Dekade yang Menjadi Penentu bagi Ethereum
Lean Ethereum lebih dari sekadar kumpulan pembaruan protokol. Ini menandai pergeseran jangka panjang dalam cara jaringan dirancang—mengutamakan kesederhanaan, keamanan matematis, skalabilitas, privasi, dan ketahanan terhadap ancaman teknologi di masa depan.
Dari penyimpanan state yang didesain ulang dan verifikasi STARK native hingga kriptografi tahan post-kuantum dan lingkungan eksekusi generasi berikutnya, roadmap ini bertujuan memodernisasi hampir setiap lapisan arsitektur Ethereum sambil mempertahankan kompatibilitas dengan aplikasi yang sudah ada.

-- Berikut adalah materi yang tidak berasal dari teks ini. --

lemma trunc_kernel_taylor_average:
  fixes phi :: "'a::euclidean_space \<Rightarrow> real" and Psi :: "'a \<Rightarrow> real"
  assumes fhk: "frac_heat_kernel s t phi" and R: "0 < R"
    and Psi_nonneg: "\<And>v. 0 \<le> Psi v"
    and grad: "\<And>v. (Psi has_derivative (\<lambda>u. DPsi v \<bullet> u)) (at v)"
    and hess: "\<And>v. (DPsi has_derivative blinfun_apply (D2Psi v)) (at v)"
    and bound: "\<And>v. norm (D2Psi v) \<le> M"
  shows "(\<integral>\<^sup>+w. ennreal (indicator (cball 0 R) w * phi w) * ennreal (Psi (v + w)) \<partial>lborel)
    \<le> ennreal (trunc_mass phi R * Psi v
        + M / 2 * (\<integral>w. indicator (cball 0 R) w * phi w * (norm w)\<^sup>2 \<partial>lborel))"
proof -
  note phi = frac_heat_kernel_D[OF fhk]
  define k where "k w = indicator (cball 0 R) w * phi w" for w :: 'a
  have k_nonneg: "0 \<le> k w" for w using phi(2) by (simp add: k_def)
  define T where "T w = Psi v + DPsi v \<bullet> w + M / 2 * (norm w)\<^sup>2" for w
  have taylor: "Psi (v + w) \<le> T w" for w
    unfolding T_def by (rule second_order_upper_bound[OF grad hess bound])
  have k_int: "integrable lborel k"
    unfolding k_def using integrable_mult_indicator[of "cball 0 R" lborel phi] phi(3) by simp
  have first_int: "integrable lborel (\<lambda>w. k w * (DPsi v \<bullet> w))"
  proof -
    have "\<bar>DPsi v \<bullet> w\<bar> \<le> norm (DPsi v) * R" if "norm w \<le> R" for w
      using Cauchy_Schwarz_ineq2[of "DPsi v" w] mult_left_mono[OF that, of "norm (DPsi v)"] by simp
    then have "integrable lborel (\<lambda>w. phi w * (indicator (cball 0 R) w * (DPsi v \<bullet> w)))"
      using phi(3) R by (intro integrable_mult_bounded[where B = "norm (DPsi v) * R"])
        (auto simp: indicator_def)
    then show ?thesis by (simp add: k_def mult_ac)
  qed
  have second_int: "integrable lborel (\<lambda>w. k w * (norm w)\<^sup>2)"
    using integrable_ball_second_moment[OF phi(3)] by (simp add: k_def)
  have kT_int: "integrable lborel (\<lambda>w. k w * T w)"
    using k_int first_int second_int by (simp add: T_def algebra_simps)
  have "(\<integral>\<^sup>+w. ennreal (k w) * ennreal (Psi (v + w)) \<partial>lborel) \<le> (\<integral>\<^sup>+w. ennreal (k w * T w) \<partial>lborel)"
    using k_nonneg Psi_nonneg taylor
    by (intro nn_integral_mono) (simp add: ennreal_mult[symmetric] mult_left_mono ennreal_leI)
  also have "\<dots> = ennreal (\<integral>w. k w * T w \<partial>lborel)"
    using k_nonneg Psi_nonneg taylor
    by (intro nn_integral_eq_integral kT_int AE_I2) (meson mult_nonneg_nonneg order_trans)
  also have "(\<integral>w. k w * T w \<partial>lborel)
      = Psi v * (\<integral>w. k w \<partial>lborel) + (\<integral>w. k w * (DPsi v \<bullet> w) \<partial>lborel)
        + M / 2 * (\<integral>w. k w * (norm w)\<^sup>2 \<partial>lborel)"
    using k_int first_int second_int by (simp add: T_def algebra_simps)
  also have "(\<integral>w. k w * (DPsi v \<bullet> w) \<partial>lborel) = 0"
    unfolding k_def by (rule frac_heat_kernel_ball_first_moment[OF fhk R])
  finally show ?thesis by (simp add: k_def trunc_mass_def mult.commute)
qed

lemma ennreal_inverse_mult_affine:
  fixes Z x p c :: real
  assumes "0 < Z" "0 \<le> x" "0 \<le> p" "0 \<le> c"
  shows "ennreal (1 / Z) * (ennreal x * ennreal (Z * p + c)) = ennreal p * ennreal x + ennreal (c / Z) * ennreal x"
proof -
  have "1 / Z * (x * (Z * p + c)) = p * x + c / Z * x" using assms(1) by (simp add: field_simps)
  then show ?thesis using assms by (simp add: ennreal_mult[symmetric] ennreal_plus[symmetric] del: ennreal_plus)
qed
section \<open>Transferring strategies between subspaces\<close>

text \<open>I answers II's subspace Z by playing
  in a chosen block subspace of Z inside W', and raises every played n to at least N.\<close>
lemma strategy_transfer:
  fixes W W' :: "('f::comm_ring_1) vec set"
  assumes win: "I_has_strategy T W' v A" and tail: "tail_sp W N \<subseteq> W'"
    and shrink: "\<And>Z. block_subspace Z \<Longrightarrow> Z \<subseteq> W \<Longrightarrow>
                   \<exists>Z'. block_subspace Z' \<and> Z' \<subseteq> Z \<and> Z' \<subseteq> W'"
  shows "I_has_strategy T W v A"
proof -
  obtain \<sigma>' where \<sigma>': "\<forall>\<tau>. (\<forall>k. (\<forall>j<(if even (length v) then Suc k else k). II_legal T W' v \<sigma>' \<tau> j)
        \<longrightarrow> I_legal T v \<sigma>' \<tau> k) \<and> ((\<forall>k. II_legal T W' v \<sigma>' \<tau> k) \<longrightarrow> outcome v \<sigma>' \<tau> \<in> A)"
    using win unfolding I_has_strategy_def by blast
  define g where "g Z = (if block_subspace Z \<and> Z \<subseteq> W
                         then (SOME Z'. block_subspace Z' \<and> Z' \<subseteq> Z \<and> Z' \<subseteq> W') else Z)" for Z
  have g_legal: "block_subspace (g Z) \<and> g Z \<subseteq> Z \<and> g Z \<subseteq> W'" if "block_subspace Z" "Z \<subseteq> W" for Z
    using someI_ex[OF shrink[OF that]] that unfolding g_def by simp
  have g_sub: "g Z \<subseteq> Z" for Z
    using g_legal[of Z] unfolding g_def by (cases "block_subspace Z \<and> Z \<subseteq> W") auto
  have tail_max: "tail_sp W (max n N) \<subseteq> tail_sp W' n" for n
    using tail unfolding tail_sp_def by auto
  define h where "h = (\<lambda>p::('f vec \<times> 'f vec set). (fst p, g (snd p)))"
  define \<sigma> where "\<sigma> l = (fst (\<sigma>' (map h l)), max (snd (\<sigma>' (map h l))) N)" for l
  show ?thesis unfolding I_has_strategy_def
  proof (intro exI[of _ \<sigma>] allI)
    fix \<tau> :: "nat \<Rightarrow> 'f vec \<times> 'f vec set"
    define \<tau>' where "\<tau>' = h \<circ> \<tau>"
    have fst_I: "fst (I_move v \<sigma> \<tau> k) = fst (I_move v \<sigma>' \<tau>' k)"
      and snd_I: "snd (I_move v \<sigma> \<tau> k) = max (snd (I_move v \<sigma>' \<tau>' k)) N" for k
      unfolding I_move_def \<sigma>_def \<tau>'_def by simp_all
    have II_moves: "fst (\<tau>' k) = fst (\<tau> k)" "snd (\<tau>' k) = g (snd (\<tau> k))" for k
      unfolding \<tau>'_def h_def by simp_all
    have same_outcome: "outcome v \<sigma> \<tau> = outcome v \<sigma>' \<tau>'"
      unfolding outcome_def by (intro ext) (simp add: fst_I II_moves Let_def)
    have same_pos: "position v \<sigma> \<tau> m = position v \<sigma>' \<tau>' m" for m
      unfolding position_def same_outcome ..
    have II_legal': "II_legal T W' v \<sigma>' \<tau>' k" if "II_legal T W v \<sigma> \<tau> k" for k
      using that g_legal[of "snd (\<tau> k)"] unfolding II_legal_def same_pos II_moves snd_I
      by auto (use tail_max in blast)+
    have I_legal: "I_legal T v \<sigma> \<tau> k" if "I_legal T v \<sigma>' \<tau>' k" for k
      using that g_sub unfolding I_legal_def same_pos fst_I II_moves by (auto split: if_splits)
    from \<sigma>'[rule_format, of \<tau>'] II_legal' I_legal same_outcome
    show "(\<forall>k. (\<forall>j<(if even (length v) then Suc k else k). II_legal T W v \<sigma> \<tau> j) \<longrightarrow> I_legal T v \<sigma> \<tau> k) \<and>
        ((\<forall>k. II_legal T W v \<sigma> \<tau> k) \<longrightarrow> outcome v \<sigma> \<tau> \<in> A)"
      by metis
  qed
qed

lemma strategy_mono:
  assumes "I_has_strategy T W' v A" "W \<subseteq> W'"
  shows "I_has_strategy T W v A"
  by (rule strategy_transfer[OF assms(1), of W 0]) (use assms(2) in \<open>auto simp: tail_sp_def\<close>)

lemma strategy_almost_mono:
  assumes "I_has_strategy T (seq_span c) v A" "tail_sp W N \<subseteq> seq_span c"
  shows "I_has_strategy T W v A"
proof (rule strategy_transfer[OF assms])
  show "\<exists>Z'. block_subspace Z' \<and> Z' \<subseteq> Z \<and> Z' \<subseteq> seq_span c"
    if "block_subspace Z" "Z \<subseteq> W" for Z
    using block_subspace_almost_inside[OF assms(2) that] by blast
qed

section \<open>Countability of rules\<close>

text \<open>Over a countable field there are only countably many finitely supported vectors:
  each is determined by the list of its coordinates up to its support's maximum.\<close>
lemma countable_finitely_supported: "countable {x :: ('f::{zero,countable}) vec. in_E x}"
proof -
  define dec where "dec l = (\<lambda>k. if k < length l then l ! k else (0::'f))" for l
  have "x = dec (map x [0..<Suc (Max (supp x))])" if "in_E x" for x :: "'f vec"
  proof
    fix k
    have "x k = 0" if "\<not> k < Suc (Max (supp x))"
      using vanishes_above_Max_supp[of x k] \<open>in_E x\<close> that by (simp add: in_E_def)
    then show "x k = dec (map x [0..<Suc (Max (supp x))]) k"
      by (cases "k < Suc (Max (supp x))") (simp_all add: dec_def del: upt_Suc)
  qed
  then have "{x :: 'f vec. in_E x} \<subseteq> range dec" by blast
  then show ?thesis by (rule countable_subset) simp
qed

lemma countable_rule: "is_rule V v T \<Longrightarrow> countable (T :: ('f::{comm_ring_1,countable}) vec list set)"
proof -
  assume "is_rule V v T"
  then have "T \<subseteq> lists {x. in_E x}" by (auto simp: is_rule_def fin_block_def)
  then show ?thesis using countable_lists[OF countable_finitely_supported] countable_subset by blast
qed

section \<open>The fusion construction\<close>

definition winning_refinement :: "('f::comm_ring_1) vec list set \<Rightarrow> (nat \<Rightarrow> 'f vec) set \<Rightarrow>
    'f vec list \<Rightarrow> (nat \<Rightarrow> 'f vec) \<Rightarrow> (nat \<Rightarrow> 'f vec) \<Rightarrow> bool" where
  "winning_refinement T A x b b' \<longleftrightarrow>
     block_seq b' \<and> seq_span b' \<subseteq> seq_span b \<and> I_has_strategy T (seq_span b') x A"

definition refine :: "('f::comm_ring_1) vec list set \<Rightarrow> (nat \<Rightarrow> 'f vec) set \<Rightarrow>
    'f vec list \<Rightarrow> (nat \<Rightarrow> 'f vec) \<Rightarrow> (nat \<Rightarrow> 'f vec)" where
  "refine T A x b = (if \<exists>b'. winning_refinement T A x b b'
                     then SOME b'. winning_refinement T A x b b' else b)"

primrec refine_seq :: "('f::comm_ring_1) vec list set \<Rightarrow> (nat \<Rightarrow> 'f vec) set \<Rightarrow>
    (nat \<Rightarrow> 'f vec list) \<Rightarrow> (nat \<Rightarrow> 'f vec) \<Rightarrow> nat \<Rightarrow> (nat \<Rightarrow> 'f vec)" where
  "refine_seq T A e b0 0 = b0"
| "refine_seq T A e b0 (Suc i) = refine T A (e i) (refine_seq T A e b0 i)"
(* Let $d\ge2$, $n\ge1$, and $k\ge 2\lceil\frac{n}{2d-2}\rceil$. Then for every $\mathbf{y}\in\{-1,1\}^n$ and for Lebesgue-almost every $X\in\mathbb{R}^{d\times n}$, there exist $\tilde W\in\mathbb{R}^{2k\times d}$ and $\tilde v>0$ such that, with $\tilde{\mathbf{v}}=(\tilde v,\dots,\tilde v,-\tilde v,\dots,-\tilde v)\in\mathbb{R}^{2k}$ ($k$ entries $\tilde v$ followed by $k$ entries $-\tilde v$), one has $\mathbf{y}=\tilde{\mathbf{v}}^\top\sigma(\tilde WX)$.
   Context: $\sigma(z)=\max\{\alpha z,z\}$ with a fixed $0<\alpha<1$ (Leaky ReLU), applied entrywise; the columns of $X$ are the data points, so $\tilde{\mathbf{v}}^\top\sigma(\tilde WX)\in\mathbb{R}^{1\times n}$ is the vector of network outputs on the $n$ points. *)

theory Defs
  imports "HOL-Analysis.Analysis"
begin

definition leaky_relu :: "real \<Rightarrow> real \<Rightarrow> real" where
  "leaky_relu \<alpha> z = max (\<alpha> * z) z"

definition vtilde :: "nat \<Rightarrow> real \<Rightarrow> nat \<Rightarrow> real" where
  "vtilde k v i = (if i < k then v else - v)"

end

theory Submission
  imports Defs
begin

(*
  Columns x_j of X in general position (no column lies in the span of fewer than d others)
  is an almost-everywhere property, and the construction needs only n <= k d, for arbitrary
  real labels.  Pick v with v.x_j /= 0 and u making the ratios r_j = (u.x_j)/(v.x_j)
  distinct, and cut the points, sorted by r_j, into k blocks of at most d points.  The
  hyperplanes b_i = t_i v - u, with thresholds t_i between blocks, meet every x_j with a sign
  that depends only on the sign of v.x_j and on whether x_j lies in one of the first i blocks.
  A pair of neurons c b_i + delta_i and c b_i with output weights 1 and -1 contributes, for
  large c, exactly slope_ij * delta_i.x_j, with slope 1 or alpha according to that sign.
  The resulting linear system in the delta_i is block-triangular along the partial sums of
  the delta_i, and each block, having at most d points in general position, can be solved
  by interpolation.
*)

definition general_position :: "('j \<Rightarrow> 'a::euclidean_space) \<Rightarrow> bool" where
  "general_position x \<longleftrightarrow>
     (\<forall>j T. finite T \<longrightarrow> j \<notin> T \<longrightarrow> card T < DIM('a) \<longrightarrow> x j \<notin> span (x ` T))"

lemma in_span_image_imp_sum:
  fixes f :: "'j \<Rightarrow> 'a::real_vector"
  assumes "finite T" "v \<in> span (f ` T)"
  shows "\<exists>c. v = (\<Sum>j\<in>T. c j *\<^sub>R f j)"
  using assms
proof (induction T arbitrary: v rule: finite_induct)
  case (insert a T)
  then obtain c0 where "v - c0 *\<^sub>R f a \<in> span (f ` T)"
    by (auto simp: span_insert)
  with insert.IH obtain c where c: "v - c0 *\<^sub>R f a = (\<Sum>j\<in>T. c j *\<^sub>R f j)"
    by blast
  have "(\<Sum>j\<in>insert a T. (c(a := c0)) j *\<^sub>R f j) = c0 *\<^sub>R f a + (\<Sum>j\<in>T. c j *\<^sub>R f j)"
    using insert.hyps by (auto intro!: sum.cong)
  also have "\<dots> = v"
    using c by (simp add: algebra_simps)
  finally show ?case
    by metis
qed simp

lemma real_polynomial_function_vec_nth_nth:
  "real_polynomial_function (\<lambda>Y :: real^'n^'d. Y $ a $ b)"
  by (rule real_polynomial_function.intros(1))
    (use bounded_linear_compose[OF bounded_linear_vec_nth[of b] bounded_linear_vec_nth[of a]]
      in \<open>simp add: o_def\<close>)

lemma polynomial_function_vec_vec:
  assumes "\<And>a b. real_polynomial_function (\<lambda>Y. F Y $ a $ b)"
  shows "polynomial_function (F :: 'a::real_normed_vector \<Rightarrow> real^'n^'d)"
  unfolding polynomial_function_iff_Basis_inner
  using assms by (auto simp: Basis_vec_def inner_axis)

lemma negligible_column_in_span:
  fixes j0 :: "'n::finite" and T :: "'n set"
  assumes "j0 \<notin> T" "card T < CARD('d::finite)"
  shows "negligible {X :: real^'n^'d. column j0 X \<in> span ((\<lambda>j. column j X) ` T)}"
proof -
  fix r0 :: 'd
  have "card T \<le> card (- {r0})"
    using assms(2) by (simp add: Compl_eq_Diff_UNIV)
  then obtain \<rho> where \<rho>: "\<rho> ` T \<subseteq> - {r0}" "inj_on \<rho> T"
    using card_le_inj[of T "- {r0}"] by auto
  \<comment> \<open>The coefficients of the linear combination are stored in column j0 at the rows \<rho> ` T,
     so the set is the image of the hyperplane Y$r0$j0 = 0 under a polynomial map.\<close>
  define F :: "real^'n^'d \<Rightarrow> real^'n^'d" where
    "F Y = (\<chi> a b. if b = j0 then (\<Sum>j\<in>T. Y $ \<rho> j $ j0 * Y $ a $ j) else Y $ a $ b)" for Y
  define H where "H = {Y :: real^'n^'d. axis r0 (axis j0 1) \<bullet> Y = 0}"
  have "real_polynomial_function (\<lambda>Y. F Y $ a $ b)" for a b
    by (cases "b = j0") (auto simp: F_def intro!: real_polynomial_function_vec_nth_nth
      real_polynomial_function_sum real_polynomial_function.intros(4))
  then have "F differentiable_on H"
    by (intro differentiable_on_polynomial_function polynomial_function_vec_vec)
  moreover have "negligible H"
    unfolding H_def by (rule negligible_hyperplane) (simp add: axis_eq_0_iff)
  moreover have "{X. column j0 X \<in> span ((\<lambda>j. column j X) ` T)} \<subseteq> F ` H"
  proof
    fix X :: "real^'n^'d"
    assume "X \<in> {X. column j0 X \<in> span ((\<lambda>j. column j X) ` T)}"
    then obtain c where c: "column j0 X = (\<Sum>j\<in>T. c j *\<^sub>R column j X)"
      using in_span_image_imp_sum[of T] by auto
    define Y :: "real^'n^'d" where
      "Y = (\<chi> a b. if b = j0 then (if a \<in> \<rho> ` T then c (the_inv_into T \<rho> a) else 0) else X $ a $ b)"
    have "Y \<in> H"
      using \<rho>(1) by (auto simp: H_def Y_def inner_axis')
    moreover have "F Y $ a $ b = X $ a $ b" for a b
    proof (cases "b = j0")
      case True
      then have "F Y $ a $ b = (\<Sum>j\<in>T. c j * X $ a $ j)"
        using assms(1) \<rho>(2) by (auto simp: F_def Y_def the_inv_into_f_f intro!: sum.cong)
      also have "\<dots> = X $ a $ b"
        using True arg_cong[OF c, of "\<lambda>z. z $ a"] by (simp add: column_def)
      finally show ?thesis .
    qed (simp add: F_def Y_def)
    ultimately show "X \<in> F ` H"
      by (metis image_eqI vec_eq_iff)
  qed
  ultimately show ?thesis
    using negligible_differentiable_image_negligible[OF order_refl] negligible_subset by blast
qed

lemma AE_columns_general_position:
  "AE X in (lborel :: (real^'n::finite^'d::finite) measure). general_position (\<lambda>j. column j X)"
proof -
  define P :: "('n \<times> 'n set) set" where "P = {(j, T). j \<notin> T \<and> card T < CARD('d)}"
  define B where "B = (\<Union>(j, T)\<in>P. {X :: real^'n^'d. column j X \<in> span ((\<lambda>j. column j X) ` T)})"
  have "negligible B"
    unfolding B_def by (rule negligible_Union) (auto simp: P_def intro!: negligible_column_in_span)
  then have "B \<in> null_sets lebesgue"
    by (simp add: negligible_iff_null_sets)
  then have "AE X in lebesgue. general_position (\<lambda>j. column j (X :: real^'n^'d))"
    by (rule AE_I') (auto simp: general_position_def B_def P_def)
  then show ?thesis
    by (simp add: AE_completion_iff)
qed

lemma exists_inner_nonzero_finite:
  fixes A :: "'a::euclidean_space set"
  assumes "finite A" "0 \<notin> A"
  shows "\<exists>u. \<forall>a\<in>A. a \<bullet> u \<noteq> 0"
proof (rule ccontr)
  assume "\<nexists>u. \<forall>a\<in>A. a \<bullet> u \<noteq> 0"
  then have "UNIV = (\<Union>a\<in>A. {u. a \<bullet> u = 0})"
    by auto
  moreover have "negligible (\<Union>a\<in>A. {u. a \<bullet> u = 0})"
    using assms by (intro negligible_Union) (auto intro!: negligible_hyperplane)
  ultimately show False
    by simp
qed

lemma inner_interpolation:
  fixes f :: "'j \<Rightarrow> 'a::euclidean_space"
  assumes "finite J" "\<And>j. j \<in> J \<Longrightarrow> f j \<notin> span (f ` (J - {j}))"
  shows "\<exists>s. \<forall>j\<in>J. s \<bullet> f j = c j"
proof -
  have "\<exists>z. (\<forall>w \<in> span (f ` (J - {j})). z \<bullet> w = 0) \<and> z \<bullet> f j \<noteq> 0" if "j \<in> J" for j
  proof -
    obtain w z where wz: "w \<in> span (f ` (J - {j}))"
      "\<And>w'. w' \<in> span (f ` (J - {j})) \<Longrightarrow> orthogonal z w'" "f j = w + z"
      using orthogonal_subspace_decomp_exists by blast
    have "z \<noteq> 0"
      using wz assms(2) that by auto
    moreover have "z \<bullet> f j = z \<bullet> z"
      using wz by (simp add: orthogonal_def inner_add_right)
    ultimately show ?thesis
      using wz(2) by (auto simp: orthogonal_def intro!: exI[of _ z])
  qed
  then obtain z where z: "\<And>j w. j \<in> J \<Longrightarrow> w \<in> span (f ` (J - {j})) \<Longrightarrow> z j \<bullet> w = 0"
    "\<And>j. j \<in> J \<Longrightarrow> z j \<bullet> f j \<noteq> 0"
    by metis
  define s where "s = (\<Sum>i\<in>J. (c i / (z i \<bullet> f i)) *\<^sub>R z i)"
  have "s \<bullet> f j = c j" if "j \<in> J" for j
  proof -
    have "z i \<bullet> f j = 0" if "i \<in> J" "i \<noteq> j" for i
      using z(1)[OF that(1)] \<open>j \<in> J\<close> that(2) by (simp add: span_base)
    then have "s \<bullet> f j = (\<Sum>i\<in>J. if i = j then c j else 0)"
      unfolding s_def inner_sum_left using z(2)[OF that] by (intro sum.cong) auto
    then show ?thesis
      using assms(1) that by simp
  qed
  then show ?thesis
    by blast
qed

lemma leaky_relu_pos: "\<alpha> \<le> 1 \<Longrightarrow> 0 < z \<Longrightarrow> leaky_relu \<alpha> z = z"
  unfolding leaky_relu_def by (simp add: mult_le_cancel_right1)

lemma leaky_relu_neg: "\<alpha> \<le> 1 \<Longrightarrow> z < 0 \<Longrightarrow> leaky_relu \<alpha> z = \<alpha> * z"
  unfolding leaky_relu_def by (auto simp: max_def mult_le_cancel_right1)

lemma leaky_relu_add_small:
  assumes "\<alpha> \<le> 1" "\<bar>e\<bar> < \<bar>z\<bar>"
  shows "leaky_relu \<alpha> (z + e) - leaky_relu \<alpha> z = (if 0 < z then 1 else \<alpha>) * e"
proof (cases "0 < z")
  case True
  then show ?thesis
    using assms by (simp add: leaky_relu_pos)
next
  case False
  then have "z < 0" "z + e < 0"
    using assms by linarith+
  then show ?thesis
    using assms by (simp add: leaky_relu_neg algebra_simps)
qed

lemma exists_scale_dominating:
  fixes e z :: "'i \<Rightarrow> real"
  assumes "finite I" "\<And>i. i \<in> I \<Longrightarrow> z i \<noteq> 0"
  shows "\<exists>c>0. \<forall>i\<in>I. \<bar>e i\<bar> < c * \<bar>z i\<bar>"
proof (intro exI conjI ballI)
  define c where "c = 1 + (\<Sum>i\<in>I. \<bar>e i\<bar> / \<bar>z i\<bar>)"
  have "c \<ge> 1"
    by (simp add: c_def sum_nonneg)
  then show "c > 0"
    by simp
  fix i assume i: "i \<in> I"
  have "\<bar>e i\<bar> / \<bar>z i\<bar> \<le> (\<Sum>i\<in>I. \<bar>e i\<bar> / \<bar>z i\<bar>)"
    using assms(1) i by (intro member_le_sum) auto
  then have "\<bar>e i\<bar> / \<bar>z i\<bar> < c"
    by (simp add: c_def)
  then show "\<bar>e i\<bar> < c * \<bar>z i\<bar>"
    using assms(2)[OF i] by (simp add: divide_less_eq)
qed

lemma sum_two_slopes_telescope:
  fixes Z :: "nat \<Rightarrow> real"
  assumes "g \<le> k"
  shows "(\<Sum>i<k. (if i < g then c1 else c2) * (Z (Suc i) - Z i)) = c1 * (Z g - Z 0) + c2 * (Z k - Z g)"
  using assms
proof (induction k rule: dec_induct)
  case base
  show ?case
    by (simp add: sum_distrib_left[symmetric] sum_lessThan_telescope)
next
  case (step m)
  then show ?case
    by (simp add: algebra_simps)
qed

lemma sum_lessThan_double:
  "(\<Sum>i<2 * k. f i) = (\<Sum>i<k. f i + f (i + k))" for f :: "nat \<Rightarrow> 'a::comm_monoid_add"
proof -
  have "(\<Sum>i<2 * k. f i) = (\<Sum>i\<in>{0..<k}. f i) + (\<Sum>i\<in>{0 + k..<k + k}. f i)"
    by (simp add: mult_2 lessThan_atLeast0 sum.atLeastLessThan_concat)
  then show ?thesis
    by (simp only: sum.shift_bounds_nat_ivl) (simp add: lessThan_atLeast0 sum.distrib)
qed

Inisiatif ini juga mencerminkan kedewasaan Ethereum yang makin meningkat. Tidak lagi hanya berfokus pada dukungan aplikasi terdesentralisasi, blockchain ini semakin memposisikan dirinya sebagai infrastruktur digital global yang mampu mengamankan pasar keuangan, aset tokenisasi, dan layanan terdesentralisasi selama puluhan tahun ke depan.
Apakah Lean Ethereum pada akhirnya mencapai ambisi-ambisi itu akan bergantung pada bertahun-tahun rekayasa, riset, koordinasi komunitas, dan adopsi di dunia nyata.
Namun untuk saat ini, roadmap tersebut memberikan indikasi paling jelas tentang ke mana Ethereum berniat melangkah berikutnya. Alih-alih tetap diam saat teknologi blockchain terus berkembang, jaringan sedang menyiapkan transformasi mendasar—yang dapat menentukan masa depan Ethereum jauh setelah keberhasilan Merge.
Jika pengembang mewujudkan visi yang diuraikan hari ini, Lean Ethereum bisa menjadi bab besar berikutnya dalam sejarah blockchain—menguatkan perannya sebagai fondasi bagi ekonomi global yang kian digital dan terdesentralisasi.